(* Let $n\ge1$ and let $f$ be a function from the set of Schubert problems for $GL_n$ (triples $(u,v,w)\in S_n^3$ with $l(u)+l(v)+l(w)=\binom n2$) to $\mathbb Z$ satisfying: (1) (descent-cycling invariance) for every triple $(u,v,w)\in S_n^3$ with $l(u)+l(v)+l(w)=\binom n2-1$ and every $i\in\{1,\dots,n-1\}$ with $u(i)<u(i+1)$, $v(i)<v(i+1)$, $w(i)<w(i+1)$, one has $f(us_i,v,w)=f(u,vs_i,w)=f(u,v,ws_i)$; (2) $f(u,v,w)=0$ whenever there is $i$ with $u(i)<u(i+1)$, $v(i)<v(i+1)$ and $w(i)<w(i+1)$; (3) $f(\mathrm{id},\mathrm{id},w_0)=1$. Let $\pi,\sigma\in S_n$ with $l(\pi)+l(\sigma)=\binom n2$. Then $f(\pi,\mathrm{id},\sigma)=1$ if $\pi(m)=n+1-\sigma(m)$ for all $m$ (i.e. $\pi=w_0\sigma$), and $f(\pi,\mathrm{id},\sigma)=0$ otherwise.
   Context: Permutations are in one-line notation; $l$ is the number of inversions; $w_0=n\,n{-}1\cdots1$ is the longest permutation; $\mathrm{id}$ is the identity; $us_i$ denotes $u$ with the entries in positions $i$ and $i+1$ swapped. *)

theory Defs
  imports "HOL-Combinatorics.Combinatorics"
begin

text \<open>Permutations of S_n are functions nat => nat permuting {1..n} (one-line notation u(1)...u(n)).\<close>

definition inv_len :: "nat \<Rightarrow> (nat \<Rightarrow> nat) \<Rightarrow> nat" where
  "inv_len n u = card {(i, j). 1 \<le> i \<and> i < j \<and> j \<le> n \<and> u j < u i}"

definition w0 :: "nat \<Rightarrow> nat \<Rightarrow> nat" where
  "w0 n = (\<lambda>m. if 1 \<le> m \<and> m \<le> n then n + 1 - m else m)"

definition rs :: "(nat \<Rightarrow> nat) \<Rightarrow> nat \<Rightarrow> nat \<Rightarrow> nat" where
  "rs u i = u \<circ> Transposition.transpose i (i + 1)"

definition schubert_problem :: "nat \<Rightarrow> (nat \<Rightarrow> nat) \<Rightarrow> (nat \<Rightarrow> nat) \<Rightarrow> (nat \<Rightarrow> nat) \<Rightarrow> bool" where
  "schubert_problem n u v w \<longleftrightarrow> u permutes {1..n} \<and> v permutes {1..n} \<and> w permutes {1..n}
     \<and> inv_len n u + inv_len n v + inv_len n w = n choose 2"

end

theory Submission
  imports Defs
begin

text \<open>Induction on the length of \<pi>. If \<sigma> has an ascent at i, then either \<pi> has one too, and
  f vanishes there while \<pi> \<noteq> w0 \<sigma>; or \<pi> has a descent at i, and descent cycling moves s_i
  from \<pi> to \<sigma>, shortening \<pi> without changing whether \<pi> = w0 \<sigma>. If \<sigma> has no ascent at all,
  then \<sigma> = w0, so l(\<pi>) = 0, \<pi> = id and the value is the normalisation f(id, id, w0) = 1.\<close>

lemma finite_increasing_pairs: "finite {(i, j). 1 \<le> i \<and> i < j \<and> j \<le> (n::nat) \<and> P i j}"
  by (rule finite_subset[of _ "{1..n} \<times> {1..n}"]) auto

lemma card_increasing_pairs: "card {(i, j). 1 \<le> i \<and> i < j \<and> j \<le> (n::nat)} = n choose 2"
proof (induction n)
  case 0
  have no_pairs: "{(i, j). 1 \<le> i \<and> i < j \<and> j \<le> (0::nat)} = {}"
    by auto
  show ?case
    unfolding no_pairs by simp
next
  case (Suc n)
  let ?P = "{(i, j). 1 \<le> i \<and> i < j \<and> j \<le> n}" and ?E = "(\<lambda>i. (i, Suc n)) ` {1..n}"
  have "card {(i, j). 1 \<le> i \<and> i < j \<and> j \<le> Suc n} = card (?P \<union> ?E)"
    by (rule arg_cong[where f = card]) auto
  also have "\<dots> = card ?P + card ?E"
    by (rule card_Un_disjoint) (use finite_increasing_pairs[of n "\<lambda>_ _. True"] in auto)
  also have "\<dots> = (n choose 2) + n"
    using Suc.IH by (simp add: card_image inj_on_def)
  also have "\<dots> = Suc n choose 2"
    by (simp add: numeral_2_eq_2)
  finally show ?case .
qed

lemma inv_len_id: "inv_len n id = 0"
proof -
  have "{(i, j). 1 \<le> i \<and> i < j \<and> j \<le> n \<and> id j < id i} = {}"
    by auto
  then show ?thesis
    unfolding inv_len_def by (simp only: card.empty)
qed

lemma inv_len_w0: "inv_len n (w0 n) = n choose 2"
proof -
  have "{(i, j). 1 \<le> i \<and> i < j \<and> j \<le> n \<and> w0 n j < w0 n i} = {(i, j). 1 \<le> i \<and> i < j \<and> j \<le> n}"
    by (auto simp: w0_def)
  then show ?thesis
    unfolding inv_len_def by (simp only: card_increasing_pairs)
qed

lemma rs_rs [simp]: "rs (rs u i) i = u"
  by (simp add: rs_def comp_assoc)

lemma rs_apply_left [simp]: "rs u i i = u (Suc i)"
  and rs_apply_right [simp]: "rs u i (Suc i) = u i"
  by (simp_all add: rs_def)

lemma rs_permutes: "u permutes {1..n} \<Longrightarrow> 1 \<le> i \<Longrightarrow> i < n \<Longrightarrow> rs u i permutes {1..n}"
  unfolding rs_def by (intro permutes_compose permutes_swap_id) auto

lemma inv_len_rs_ascent:
  assumes asc: "u i < u (Suc i)" and "1 \<le> i" "i < n"
  shows "inv_len n (rs u i) = Suc (inv_len n u)"
proof -
  define t where "t = Transposition.transpose i (Suc i)"
  define A where "A = {(a, b). 1 \<le> a \<and> a < b \<and> b \<le> n \<and> u b < u a}"
  define B where "B = {(a, b). 1 \<le> a \<and> a < b \<and> b \<le> n \<and> u (t b) < u (t a)}"
  define h where "h = map_prod t t"
  have tt: "t (t x) = x" for x
    by (simp add: t_def)
  have t_less: "t a < t b" if "a < b" "(a, b) \<noteq> (i, Suc i)" for a b
    using that by (auto simp: t_def transpose_def)
  have t_range: "1 \<le> t a \<and> t a \<le> n" if "1 \<le> a" "a \<le> n" for a
    using that assms by (auto simp: t_def transpose_def)
  \<comment> \<open>relabelling by s_i maps the inversions of u bijectively onto those of u s_i other than (i, i+1)\<close>
  have "B = insert (i, Suc i) (h ` A)"
  proof (intro equalityI subsetI)
    fix p assume "p \<in> B"
    obtain a b where p: "p = (a, b)"
      by force
    show "p \<in> insert (i, Suc i) (h ` A)"
    proof (cases "p = (i, Suc i)")
      case False
      then have "(t a, t b) \<in> A"
        using p \<open>p \<in> B\<close> t_less[of a b] t_range[of a] t_range[of b] by (auto simp: A_def B_def)
      moreover have "p = h (t a, t b)"
        by (simp add: h_def p tt)
      ultimately show ?thesis by blast
    qed simp
  next
    fix p assume "p \<in> insert (i, Suc i) (h ` A)"
    then show "p \<in> B"
    proof
      assume "p \<in> h ` A"
      then obtain a b where ab: "(a, b) \<in> A" "p = (t a, t b)"
        by (auto simp: h_def)
      moreover have "(a, b) \<noteq> (i, Suc i)"
        using ab asc by (auto simp: A_def)
      ultimately show ?thesis
        using t_less[of a b] t_range[of a] t_range[of b] by (auto simp: A_def B_def tt)
    qed (use assms in \<open>auto simp: B_def t_def\<close>)
  qed
  moreover have "(i, Suc i) \<notin> h ` A"
  proof
    assume "(i, Suc i) \<in> h ` A"
    then obtain a b where "(a, b) \<in> A" "t a = i" "t b = Suc i"
      by (auto simp: h_def)
    moreover from this have "a = Suc i" "b = i"
      by (metis t_def tt transpose_apply_first transpose_apply_second)+
    ultimately show False by (auto simp: A_def)
  qed
  moreover have "inj h"
    unfolding h_def t_def by (intro prod.inj_map) (auto simp: inj_def transpose_eq_iff)
  ultimately have "card B = Suc (card A)"
    using finite_increasing_pairs[of n "\<lambda>a b. u b < u a"]
    by (simp add: A_def card_image inj_on_subset)
  then show ?thesis
    by (simp add: inv_len_def rs_def A_def B_def t_def)
qed

lemma increasing_self_map_fixes:
  fixes g :: "nat \<Rightarrow> nat"
  assumes ascent: "\<And>k. 1 \<le> k \<Longrightarrow> k < n \<Longrightarrow> g k < g (Suc k)"
    and range: "\<And>k. 1 \<le> k \<Longrightarrow> k \<le> n \<Longrightarrow> 1 \<le> g k \<and> g k \<le> n"
    and m: "1 \<le> m" "m \<le> n"
  shows "g m = m"
proof -
  have gap: "g k + (j - k) \<le> g j" if "1 \<le> k" "k \<le> j" "j \<le> n" for k j
    using that(2,3)
  proof (induction j rule: dec_induct)
    case (step j)
    then show ?case
      using ascent[of j] that(1) by fastforce
  qed simp
  show ?thesis
    using gap[of 1 m] gap[of m n] range[of 1] range[of n] m by fastforce
qed

lemma permutes_no_descent_eq_id:
  assumes p: "p permutes {1..n}" and no_desc: "\<And>j. 1 \<le> j \<Longrightarrow> j < n \<Longrightarrow> \<not> p (Suc j) < p j"
  shows "p = id"
proof
  fix m
  have "p m = m" if "1 \<le> m" "m \<le> n"
  proof (rule increasing_self_map_fixes[OF _ _ that])
    fix k assume "1 \<le> k" "k < n"
    moreover have "p k \<noteq> p (Suc k)"
      using permutes_inj[OF p] by (simp add: inj_eq)
    ultimately show "p k < p (Suc k)"
      using no_desc[of k] by simp
  qed (use permutes_in_image[OF p] in auto)
  then show "p m = id m"
    using permutes_not_in[OF p, of m] by fastforce
qed

lemma permutes_no_ascent_eq_w0:
  assumes s: "s permutes {1..n}" and no_asc: "\<And>j. 1 \<le> j \<Longrightarrow> j < n \<Longrightarrow> \<not> s j < s (Suc j)"
  shows "s = w0 n"
proof
  fix m
  have s_range: "1 \<le> s k \<and> s k \<le> n" if "1 \<le> k" "k \<le> n" for k
    using permutes_in_image[OF s] that by auto
  have "n + 1 - s m = m" if "1 \<le> m" "m \<le> n"
  proof (rule increasing_self_map_fixes[where g = "\<lambda>k. n + 1 - s k", OF _ _ that])
    fix k assume k: "1 \<le> k" "k < n"
    moreover have "s k \<noteq> s (Suc k)"
      using permutes_inj[OF s] by (simp add: inj_eq)
    ultimately show "n + 1 - s k < n + 1 - s (Suc k)"
      using no_asc[of k] s_range[of k] by simp
  qed (use s_range in fastforce)
  then show "s m = w0 n m"
    using permutes_not_in[OF s, of m] s_range[of m] by (fastforce simp: w0_def)
qed

lemma inv_len_eq_0_imp_id:
  assumes p: "p permutes {1..n}" and "inv_len n p = 0"
  shows "p = id"
proof (rule permutes_no_descent_eq_id[OF p])
  fix j assume j: "1 \<le> j" "j < n"
  show "\<not> p (Suc j) < p j"
  proof
    assume "p (Suc j) < p j"
    then have "(j, Suc j) \<in> {(i, j). 1 \<le> i \<and> i < j \<and> j \<le> n \<and> p j < p i}"
      using j by simp
    then show False
      using assms(2) finite_increasing_pairs[of n "\<lambda>i j. p j < p i"] by (auto simp: inv_len_def)
  qed
qed

lemma common_ascent_not_complementary:
  assumes "s (Suc j) \<le> n" "p j < p (Suc j)" "s j < s (Suc j)" "1 \<le> j" "j < n"
  shows "\<not> (\<forall>m\<in>{1..n}. p m = n + 1 - s m)"
proof
  assume "\<forall>m\<in>{1..n}. p m = n + 1 - s m"
  then have "p j = n + 1 - s j" "p (Suc j) = n + 1 - s (Suc j)"
    using assms by auto
  then show False
    using assms by arith
qed

lemma complementary_rs_iff:
  assumes "1 \<le> i" "i < n"
  shows "(\<forall>m\<in>{1..n}. rs p i m = n + 1 - rs s i m) \<longleftrightarrow> (\<forall>m\<in>{1..n}. p m = n + 1 - s m)"
proof -
  define t where "t = Transposition.transpose i (Suc i)"
  have "(\<forall>m\<in>{1..n}. rs p i m = n + 1 - rs s i m) \<longleftrightarrow> (\<forall>m\<in>t ` {1..n}. p m = n + 1 - s m)"
    by (simp add: rs_def t_def)
  also have "t ` {1..n} = {1..n}"
    unfolding t_def using assms by (intro permutes_image permutes_swap_id) auto
  finally show ?thesis .
qed

locale descent_cycling =
  fixes n :: nat and f :: "(nat \<Rightarrow> nat) \<Rightarrow> (nat \<Rightarrow> nat) \<Rightarrow> (nat \<Rightarrow> nat) \<Rightarrow> int"
  assumes cycling: "\<And>u v w i. u permutes {1..n} \<Longrightarrow> v permutes {1..n} \<Longrightarrow> w permutes {1..n} \<Longrightarrow>
         inv_len n u + inv_len n v + inv_len n w + 1 = n choose 2 \<Longrightarrow>
         1 \<le> i \<Longrightarrow> i \<le> n - 1 \<Longrightarrow> u i < u (i + 1) \<Longrightarrow> v i < v (i + 1) \<Longrightarrow> w i < w (i + 1) \<Longrightarrow>
         f (rs u i) v w = f u (rs v i) w \<and> f u (rs v i) w = f u v (rs w i)"
    and vanishing: "\<And>u v w i. schubert_problem n u v w \<Longrightarrow>
         1 \<le> i \<Longrightarrow> i \<le> n - 1 \<Longrightarrow> u i < u (i + 1) \<Longrightarrow> v i < v (i + 1) \<Longrightarrow> w i < w (i + 1) \<Longrightarrow>
         f u v w = 0"
    and normalised: "f id id (w0 n) = 1"
begin

lemma common_ascent_vanishing:
  assumes "p permutes {1..n}" "s permutes {1..n}" "inv_len n p + inv_len n s = n choose 2"
    and "1 \<le> j" "j < n" "p j < p (Suc j)" "s j < s (Suc j)"
  shows "f p id s = 0"
  using assms by (intro vanishing[of p id s j]) (auto simp: schubert_problem_def inv_len_id)

lemma cycle_descent_left_to_right:
  assumes p: "p permutes {1..n}" and s: "s permutes {1..n}"
    and len: "inv_len n p + inv_len n s = n choose 2"
    and i: "1 \<le> i" "i < n" and "p (Suc i) < p i" "s i < s (Suc i)"
  shows "f p id s = f (rs p i) id (rs s i)"
proof -
  let ?u = "rs p i"
  have "inv_len n p = Suc (inv_len n ?u)"
    using inv_len_rs_ascent[of ?u i n] assms by simp
  then have "f (rs ?u i) id s = f ?u (rs id i) s \<and> f ?u (rs id i) s = f ?u id (rs s i)"
    using assms by (intro cycling rs_permutes) (auto simp: inv_len_id)
  then show ?thesis by simp
qed

lemma value_at_id_middle:
  assumes "p permutes {1..n}" "s permutes {1..n}" "inv_len n p + inv_len n s = n choose 2"
  shows "f p id s = (if (\<forall>m\<in>{1..n}. p m = n + 1 - s m) then 1 else 0)"
  using assms
proof (induction "inv_len n p" arbitrary: p s rule: less_induct)
  case less
  note p = less.prems(1) and s = less.prems(2) and len = less.prems(3)
  show ?case
  proof (cases "\<exists>j. 1 \<le> j \<and> j < n \<and> s j < s (Suc j)")
    case True
    then obtain j where j: "1 \<le> j" "j < n" "s j < s (Suc j)" by blast
    have "p j \<noteq> p (Suc j)"
      using permutes_inj[OF p] by (simp add: inj_eq)
    then consider "p j < p (Suc j)" | "p (Suc j) < p j" by linarith
    then show ?thesis
    proof cases
      case 1
      moreover have "s (Suc j) \<le> n"
        using permutes_in_image[OF s, of "Suc j"] j by simp
      ultimately show ?thesis
        using common_ascent_vanishing[OF p s len j(1,2)] common_ascent_not_complementary j by simp
    next
      case 2
      have shorter: "inv_len n p = Suc (inv_len n (rs p j))"
        using inv_len_rs_ascent[of "rs p j" j n] 2 j by simp
      have "f p id s = f (rs p j) id (rs s j)"
        using cycle_descent_left_to_right[OF p s len j(1,2) 2 j(3)] .
      also have "\<dots> = (if (\<forall>m\<in>{1..n}. rs p j m = n + 1 - rs s j m) then 1 else 0)"
        using shorter len inv_len_rs_ascent[of s j n] j
        by (intro less.hyps rs_permutes p s) auto
      finally show ?thesis
        by (simp only: complementary_rs_iff[OF j(1,2)])
    qed
  next
    case False
    then have "s = w0 n"
      by (intro permutes_no_ascent_eq_w0 s) auto
    moreover from this have "p = id"
      using len inv_len_w0[of n] by (intro inv_len_eq_0_imp_id[OF p]) simp
    ultimately show ?thesis
      using normalised by (simp add: w0_def)
  qed
qed

end

theorem lemma4:
  fixes n :: nat and f :: "(nat \<Rightarrow> nat) \<Rightarrow> (nat \<Rightarrow> nat) \<Rightarrow> (nat \<Rightarrow> nat) \<Rightarrow> int"
  assumes n1: "n \<ge> 1"
    and cyc: "\<And>u v w i. u permutes {1..n} \<Longrightarrow> v permutes {1..n} \<Longrightarrow> w permutes {1..n} \<Longrightarrow>
         inv_len n u + inv_len n v + inv_len n w + 1 = n choose 2 \<Longrightarrow>
         1 \<le> i \<Longrightarrow> i \<le> n - 1 \<Longrightarrow> u i < u (i + 1) \<Longrightarrow> v i < v (i + 1) \<Longrightarrow> w i < w (i + 1) \<Longrightarrow>
         f (rs u i) v w = f u (rs v i) w \<and> f u (rs v i) w = f u v (rs w i)"
    and van: "\<And>u v w i. schubert_problem n u v w \<Longrightarrow>
         1 \<le> i \<Longrightarrow> i \<le> n - 1 \<Longrightarrow> u i < u (i + 1) \<Longrightarrow> v i < v (i + 1) \<Longrightarrow> w i < w (i + 1) \<Longrightarrow>
         f u v w = 0"
    and norm: "f id id (w0 n) = 1"
    and pi: "\<pi> permutes {1..n}" and sigma: "\<sigma> permutes {1..n}"
    and len: "inv_len n \<pi> + inv_len n \<sigma> = n choose 2"
  shows "f \<pi> id \<sigma> = (if (\<forall>m\<in>{1..n}. \<pi> m = n + 1 - \<sigma> m) then 1 else 0)"
proof -
  interpret descent_cycling n f
    using cyc van norm by unfold_locales
  show ?thesis
    using pi sigma len by (rule value_at_id_middle)
qed

end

▬▬▬▬▬▬▬▬▬▬

*Activity*.
Taking the entries above, write out exactly each line from the one holding "m) \<longleftrightarrow> (\<forall>m\<in>t" to the one holding "unfolding t_def using", both included, and stop there.

*Completed exercise*.
  have "(\<forall>m\<in>{1..n}. rs p i m = n + 1 - rs s i m) \<longleftrightarrow> (\<forall>m\<in>t ` {1..n}. p m = n + 1 - s m)"
    by (simp add: rs_def t_def)
  also have "t ` {1..n} = {1..n}"
    unfolding t_def using assms by (intro permutes_image permutes_swap_id) auto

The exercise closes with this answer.